Upstream Latest Release

No

Additional environment details

No response

Additional information

Unrelated: you need to update https://github.com/containers/ramalama/blob/e1f8fb8b6bc808158c952146fe739ef802953c02/.github/ISSUE_TEMPLATE/bug_report.yaml?plain=1#L50.

Apr 23 '25 22:04 jlebon

Well noticed "rag" and "run" prompts are different @bmahabirbu has got this on his radar... @bmahabirbu is well equipped to comment on a lot of these queries

Apr 23 '25 22:04 ericcurtin

Hi @jlebon thanks for the questions hopefully my explanation's help!
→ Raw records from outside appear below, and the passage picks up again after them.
(* Let $x_0\in(0,1)$ and let $0<T\le T_0$. Assume that $u_0\in L^2(0,1)$ is not pointwise null-controllable at $x_0$ in time $T$. For $\varepsilon>0$ with $(x_0-\varepsilon,x_0+\varepsilon)\subset(0,1)$, let $\psi_\varepsilon$ be the optimal $L^2$ null-control of $u_0$ in time $T$ with control domain $(x_0-\varepsilon,x_0+\varepsilon)$. Then $\varepsilon^{1/2}\|\psi_\varepsilon\|_{L^2((0,T)\times(0,1))}\to+\infty$ as $\varepsilon\to0$.
   Context: Consider the heat equation on $(0,1)$ with Dirichlet boundary conditions: $\partial_t u-\partial_{xx}u=f$ in $(0,T)\times(0,1)$, $u(t,0)=u(t,1)=0$, $u(0,\cdot)=u_0\in L^2(0,1)$. A null-control of $u_0$ in time $T$ with control domain $\omega\subset(0,1)$ is an $f\in L^2((0,T)\times(0,1))$ supported in $(0,T)\times\omega$ such that the solution satisfies $u(T,\cdot)=0$; the optimal $L^2$ null-control is the one of minimal $L^2((0,T)\times(0,1))$ norm (it exists since the equation is null-controllable on any open interval in any time). $u_0$ is pointwise null-controllable at $x_0$ in time $T$ if there exists $\psi\in L^2(0,T)$ such that the (well-posed, in $C^0([0,T],L^2(0,1))\cap L^2((0,T),H^1_0(0,1))$) solution with $f(t,\cdot)=\psi(t)\delta_{x_0}$ satisfies $u(T,\cdot)=0$. The heat equation is pointwise observable at $x_0$ in time $T$ if $\inf\{\int_0^T u(t,x_0)^2dt:\ \|u_0\|_{L^2}=1,\ u\text{ solution with } f=0\}>0$. $T_0=T_0(x_0)=\inf\{T>0:\text{pointwise observable at }x_0\text{ in time }T\}\in[0,+\infty]$ ($\inf\emptyset=+\infty$). *)

theory Defs
  imports "HOL-Analysis.Analysis"
begin

text \<open>The Dirichlet Laplacian has the orthonormal eigenbasis e_k(x) = sqrt 2 sin(k pi x),
  k >= 1, with eigenvalues (k pi)^2. A state in L2(0,1) is identified with its
  coefficient sequence; the (weak/mild) solution is given by Duhamel's formula
  coefficientwise.\<close>

definition sin_basis :: "nat \<Rightarrow> real \<Rightarrow> real" where
  "sin_basis k x = sqrt 2 * sin (real k * pi * x)"

definition eigval :: "nat \<Rightarrow> real" where
  "eigval k = (real k * pi)^2"

definition is_L2_01 :: "(real \<Rightarrow> real) \<Rightarrow> bool" where
  "is_L2_01 u0 \<longleftrightarrow> u0 \<in> borel_measurable lborel \<and>
     set_integrable lborel {0<..<1} (\<lambda>x. (u0 x)^2)"

definition L2norm_01 :: "(real \<Rightarrow> real) \<Rightarrow> real" where
  "L2norm_01 u0 = sqrt (LINT x:{0<..<1}|lborel. (u0 x)^2)"

definition coeff :: "(real \<Rightarrow> real) \<Rightarrow> nat \<Rightarrow> real" where
  "coeff u0 k = (LINT x:{0<..<1}|lborel. u0 x * sin_basis k x)"
lemma inj_on_des: "inj_on des (comps n)"
proof -
  have "I = I'" if "I \<in> comps n" "I' \<in> comps n" "des I = des I'" for I I' n
    using that
  proof (induction I arbitrary: n I')
    case Nil
    then show ?case by (cases I') (auto simp: comps_def)
  next
    case (Cons a I)
    obtain a' J where I': "I' = a' # J"
      using Cons.prems by (cases I') (auto simp: comps_def)
    have ds: "des I \<subseteq> {1..<sum_list I}" "des J \<subseteq> {1..<sum_list J}"
      using des_subset Cons.prems I' by (auto simp: comps_def)
    show ?case
    proof (cases "I = []")
      case True
      then have "J = []"
        using Cons.prems I' by (auto simp: des_Cons split: if_splits)
      then show ?thesis using True Cons.prems I' by (simp add: comps_def)
    next
      case False
      then have "J \<noteq> []" using Cons.prems I' by (auto simp: des_Cons split: if_splits)
      have e: "insert a ((+) a ` des I) = insert a' ((+) a' ` des J)"
        using Cons.prems I' False \<open>J \<noteq> []\<close> by (simp add: des_Cons)
      \<comment> \<open>the first part is the least element of the descent set\<close>
      have "a = a'"
      proof (rule ccontr)
        assume "a \<noteq> a'"
        then have "a \<in> (+) a' ` des J" "a' \<in> (+) a ` des I"
          using e by (metis insertE insertI1)+
        then show False using ds by auto
      qed
      have "a \<notin> (+) a ` des I" "a \<notin> (+) a ` des J" using ds by auto
      then have "(+) a ` des I = (+) a ` des J"
        using e \<open>a = a'\<close> by (metis Diff_insert_absorb)
      then have "des I = des J" by (simp add: inj_image_eq_iff)
      moreover have "I \<in> comps (n - a)" "J \<in> comps (n - a)"
        using Cons.prems I' \<open>a = a'\<close> by (auto simp: comps_def)
      ultimately show ?thesis using Cons.IH I' \<open>a = a'\<close> by blast
    qed
  qed
  then show ?thesis by (meson inj_onI)
qed

lemma sum_take_map_upt:
  fixes bs :: "nat list"
  assumes "\<And>i. i < N \<Longrightarrow> bs ! i \<le> bs ! Suc i" "k \<le> N"
  shows "sum_list (take k (map (\<lambda>i. bs ! (i+1) - bs ! i) [0..<N])) = bs ! k - bs ! 0"
  using assms(2)
proof (induction k)
  case (Suc k)
  have "bs ! 0 \<le> bs ! k"
    by (rule lift_Suc_mono_le_ivl[where N = "{0..<N}"]) (use assms(1) Suc.prems in auto)
  then show ?case using Suc assms(1)[of k] by (simp add: take_map)
qed simp
definition CM_rate :: "(nat list list \<Rightarrow> nat) \<Rightarrow> nat \<Rightarrow> nat \<Rightarrow> real \<Rightarrow> real" where
  "CM_rate fd m n \<theta> =
     (\<Sum>P\<in>{P. discrete_profile m n P \<and> CM_disc m fd P}. \<Prod>v<n. pc_weight m \<theta> (P ! v))"

end

theory Submission
  imports Defs
begin

text \<open>If a discrete profile P is manipulable, then by homogeneity so is its normalization, a
continuous profile of total weight 1; hence some ranking p has empirical frequency at distance at
least \<open>\<epsilon>\<close> from its weight in \<open>\<hat>P\<close>. The n voters are independent, so by Chebyshev's
inequality this happens for a fixed p with probability at most \<open>1/(n\<epsilon>\<^sup>2)\<close>, and a union
bound over the m! rankings gives \<open>\<rho>(f,m,n,\<theta>) \<le> m!/(n\<epsilon>\<^sup>2) \<longrightarrow> 0\<close>.\<close>

definition iid_expectation :: "'a set \<Rightarrow> ('a \<Rightarrow> real) \<Rightarrow> nat \<Rightarrow> ('a list \<Rightarrow> real) \<Rightarrow> real" where
  "iid_expectation R \<pi> n g = (\<Sum>xs | set xs \<subseteq> R \<and> length xs = n. prod_list (map \<pi> xs) * g xs)"

lemma iid_expectation_0 [simp]: "iid_expectation R \<pi> 0 g = g []"
proof -
  have "{xs. set xs \<subseteq> R \<and> length xs = 0} = {[]}" by auto
  then show ?thesis by (simp add: iid_expectation_def)
qed
(* For any finite simple graph $G$ of order $n$ with $v_{even}(G)=2$, there is $f\in\mathrm{SEDF}^0(G)$ such that $f(G)\le n-1$; hence $\gamma_s'(G)\le n-1$.
   Context: For $f:E(G)\to\{1,-1\}$, $f(G)=\sum_{e\in E(G)}f(e)$ and $f(v)=\sum_{e\in E_G(v)}f(e)$, where $E_G(v)$ is the set of edges incident with $v$. $\mathrm{SEDF}^0(G)$ is the set of functions $f:E(G)\to\{1,-1\}$ such that (a) $f(v)\ge 0$ for all $v\in V(G)$, and (b) $f(u)+f(v)\ge 2$ for every edge $uv$ with $f(uv)=1$. A signed edge domination function (SEDF) is $f:E(G)\to\{1,-1\}$ with $\sum_{e'\in E_G(u)\cup E_G(v)}f(e')\ge1$ for every edge $uv$; $\gamma_s'(G)$ is the minimum of $f(G)$ over all SEDFs. $v_{even}(G)$ is the number of vertices of even degree in $G$. *)

theory Defs
  imports Main
begin

definition simple_graph :: "'a set \<Rightarrow> 'a set set \<Rightarrow> bool" where
  "simple_graph V E \<longleftrightarrow> finite V \<and>
     E \<subseteq> {{u, v} | u v. u \<in> V \<and> v \<in> V \<and> u \<noteq> v}"

definition inc_edges :: "'a set set \<Rightarrow> 'a \<Rightarrow> 'a set set" where
  "inc_edges E v = {e \<in> E. v \<in> e}"

definition degree :: "'a set set \<Rightarrow> 'a \<Rightarrow> nat" where
  "degree E v = card (inc_edges E v)"

definition v_even :: "'a set \<Rightarrow> 'a set set \<Rightarrow> nat" where
  "v_even V E = card {v \<in> V. even (degree E v)}"

definition fG :: "'a set set \<Rightarrow> ('a set \<Rightarrow> int) \<Rightarrow> int" where
  "fG E f = (\<Sum>e\<in>E. f e)"

definition fv :: "'a set set \<Rightarrow> ('a set \<Rightarrow> int) \<Rightarrow> 'a \<Rightarrow> int" where
  "fv E f v = (\<Sum>e\<in>inc_edges E v. f e)"

definition pm_one :: "'a set set \<Rightarrow> ('a set \<Rightarrow> int) \<Rightarrow> bool" where
  "pm_one E f \<longleftrightarrow> (\<forall>e\<in>E. f e = 1 \<or> f e = -1)"

definition SEDF0 :: "'a set \<Rightarrow> 'a set set \<Rightarrow> ('a set \<Rightarrow> int) set" where
  "SEDF0 V E = {f. pm_one E f \<and> (\<forall>v\<in>V. fv E f v \<ge> 0) \<and>
      (\<forall>u v. {u, v} \<in> E \<and> f {u, v} = 1 \<longrightarrow> fv E f u + fv E f v \<ge> 2)}"

definition is_SEDF :: "'a set set \<Rightarrow> ('a set \<Rightarrow> int) \<Rightarrow> bool" where
  "is_SEDF E f \<longleftrightarrow> pm_one E f \<and>
     (\<forall>u v. {u, v} \<in> E \<longrightarrow> (\<Sum>e\<in>inc_edges E u \<union> inc_edges E v. f e) \<ge> 1)"

(* gamma_s'(G): minimum of f(G) over all SEDFs (the set of values is finite) *)
definition gamma_s' :: "'a set set \<Rightarrow> int" where
  "gamma_s' E = Min (fG E ` {f. is_SEDF E f})"

end

theory Submission
  imports Defs
begin

text \<open>
  The theorem follows from a stronger statement proved by induction on \<open>|V| + |E|\<close>. Call
  \<open>f : E \<rightarrow> {1, -1}\<close> good for vertices \<open>x\<close> and \<open>y\<close> if \<open>f(G) \<le> |V| - 1\<close>, \<open>f(w) \<ge> 0\<close> for
  all \<open>w\<close>, \<open>f(x) > 0\<close> unless \<open>x\<close> is isolated, and, in case \<open>f(y) = 0\<close>, every edge \<open>yz\<close> with
  \<open>f(yz) = 1\<close> has \<open>f(z) \<ge> 2\<close>. As \<open>f(w)\<close> and \<open>deg w\<close> have the same parity, when \<open>x\<close> and \<open>y\<close>
  are the two vertices of even degree every other non-isolated vertex has \<open>f(w) \<ge> 1\<close>, so a good
  labelling lies in \<open>SEDF\<^sup>0(G)\<close>, and every function in \<open>SEDF\<^sup>0(G)\<close> is a signed edge
  dominating function.

  Good labellings exist for all \<open>x\<close> and \<open>y\<close>. Isolated vertices and leaves are deleted, a leaf
  edge getting the label \<open>1\<close>. In a graph of minimum degree two a good labelling of a smaller
  graph is extended across a path \<open>a - v - b\<close> labelled \<open>-1, 1\<close>: the loss at \<open>a\<close> is absorbed by
  making \<open>a\<close> the positive vertex of the smaller graph, and \<open>b\<close> becomes positive. With parity
  this settles all cases except when \<open>x\<close> and \<open>y\<close> are distinct vertices and \<open>deg x\<close> is even.
  Then a neighbour \<open>v\<close> of \<open>x\<close> either admits a suitable path, or \<open>v\<close> can be deleted together
  with its edges and the edges joining \<open>y\<close> to common neighbours of \<open>v\<close> and \<open>y\<close>, or
  \<open>N(v) - {x} = N(y)\<close>. If the last case holds for two neighbours of \<open>x\<close>, they lie on a
  \<open>4\<close>-cycle through \<open>N(y)\<close> whose alternating labels change no vertex sum.
\<close>

section \<open>Simple graphs\<close>

definition neighbours :: "'a set set \<Rightarrow> 'a \<Rightarrow> 'a set" where
  "neighbours E v = {w. {v, w} \<in> E}"

lemma card_Diff_singleton_int:
  assumes "finite A" "x \<in> A"
  shows "int (card (A - {x})) = int (card A) - 1"
proof -
  have "0 < card A" using assms card_gt_0_iff by blast
  then show ?thesis using assms by (simp add: card_Diff_singleton of_nat_diff Suc_le_eq)
qed

lemma simple_graph_finite: "simple_graph V E \<Longrightarrow> finite V"
  by (simp add: simple_graph_def)

lemma simple_graph_finite_edges: "simple_graph V E \<Longrightarrow> finite E"
  unfolding simple_graph_def by (auto intro: finite_subset[where B = "Pow V"])

lemma simple_graph_edgeE:
  assumes "simple_graph V E" "e \<in> E"
  obtains u w where "e = {u, w}" "u \<noteq> w" "u \<in> V" "w \<in> V"
  using assms unfolding simple_graph_def by blast

lemma simple_graph_edgeD:
  assumes "simple_graph V E" "{u, w} \<in> E"
  shows "u \<noteq> w" "u \<in> V" "w \<in> V"
  using simple_graph_edgeE[OF assms] by (metis doubleton_eq_iff)+

lemma simple_graph_Diff: "simple_graph V E \<Longrightarrow> simple_graph V (E - F)"
  by (auto simp: simple_graph_def)

lemma simple_graph_delete_vertex:
  assumes "simple_graph V E" "inc_edges E v \<subseteq> F"
  shows "simple_graph (V - {v}) (E - F)"
  using assms unfolding simple_graph_def inc_edges_def by blast

lemma inc_edges_outside: "simple_graph V E \<Longrightarrow> w \<notin> V \<Longrightarrow> inc_edges E w = {}"
  by (auto simp: inc_edges_def elim: simple_graph_edgeE)

lemma degree_pos_imp_vertex: "simple_graph V E \<Longrightarrow> 0 < degree E w \<Longrightarrow> w \<in> V"
  using inc_edges_outside by (fastforce simp: degree_def)

lemma finite_inc_edges: "finite E \<Longrightarrow> finite (inc_edges E v)"
  by (simp add: inc_edges_def)

lemma degree_eq_0_iff: "finite E \<Longrightarrow> degree E v = 0 \<longleftrightarrow> inc_edges E v = {}"
  by (simp add: degree_def finite_inc_edges)

lemma degree_pos_if_edge: "finite E \<Longrightarrow> e \<in> E \<Longrightarrow> w \<in> e \<Longrightarrow> 0 < degree E w"
  by (auto simp: degree_def card_gt_0_iff finite_inc_edges inc_edges_def)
The difference here is that under the hood RAG has to query the model serve, the rag database, and put an interactive shell on top of this. We're working on a feature that will address these differences by intercepting the llama.cpp server api endpoint to add the context and return the same interactive experience.
The model is slower because we are first querying the relevant information from the document vector database and then passing that as context to our model server. The context will be a few small chunks of the document that is relevant to the prompt based on semantic search. Even though the chunks are small they increase the total prompt size by a decent amount so queries can take longer depending on the hardware.
This was done by design! RAG allows only for questions to be answered about the documents being inputted only. You'll find all naive RAG implementation out there are like this. Any additional logic that aims to identify questions relating to the document vs without can not only increase the response time even more but also are prone to false negatives and so forth. As of now its better to assume users who use the rag function want to ask question about the document thats being inputted.

An interesting thing to note is that right now model will output 'i dont know' depending on if the question doesn't relate enough to the document. But ive noticed instances where certain models couldnt find the answer even when asked a semi relevant question about the document. Maybe instead it should output 'I couldnt find the answer in the document' to be more clear!

Apr 24 '25 04:04 bmahabirbu

Converting to a discussion, Not sure if this gets better if we move to llama-stack and MCP communication with the RAG database.

Jul 22 '25 13:07 rhatdan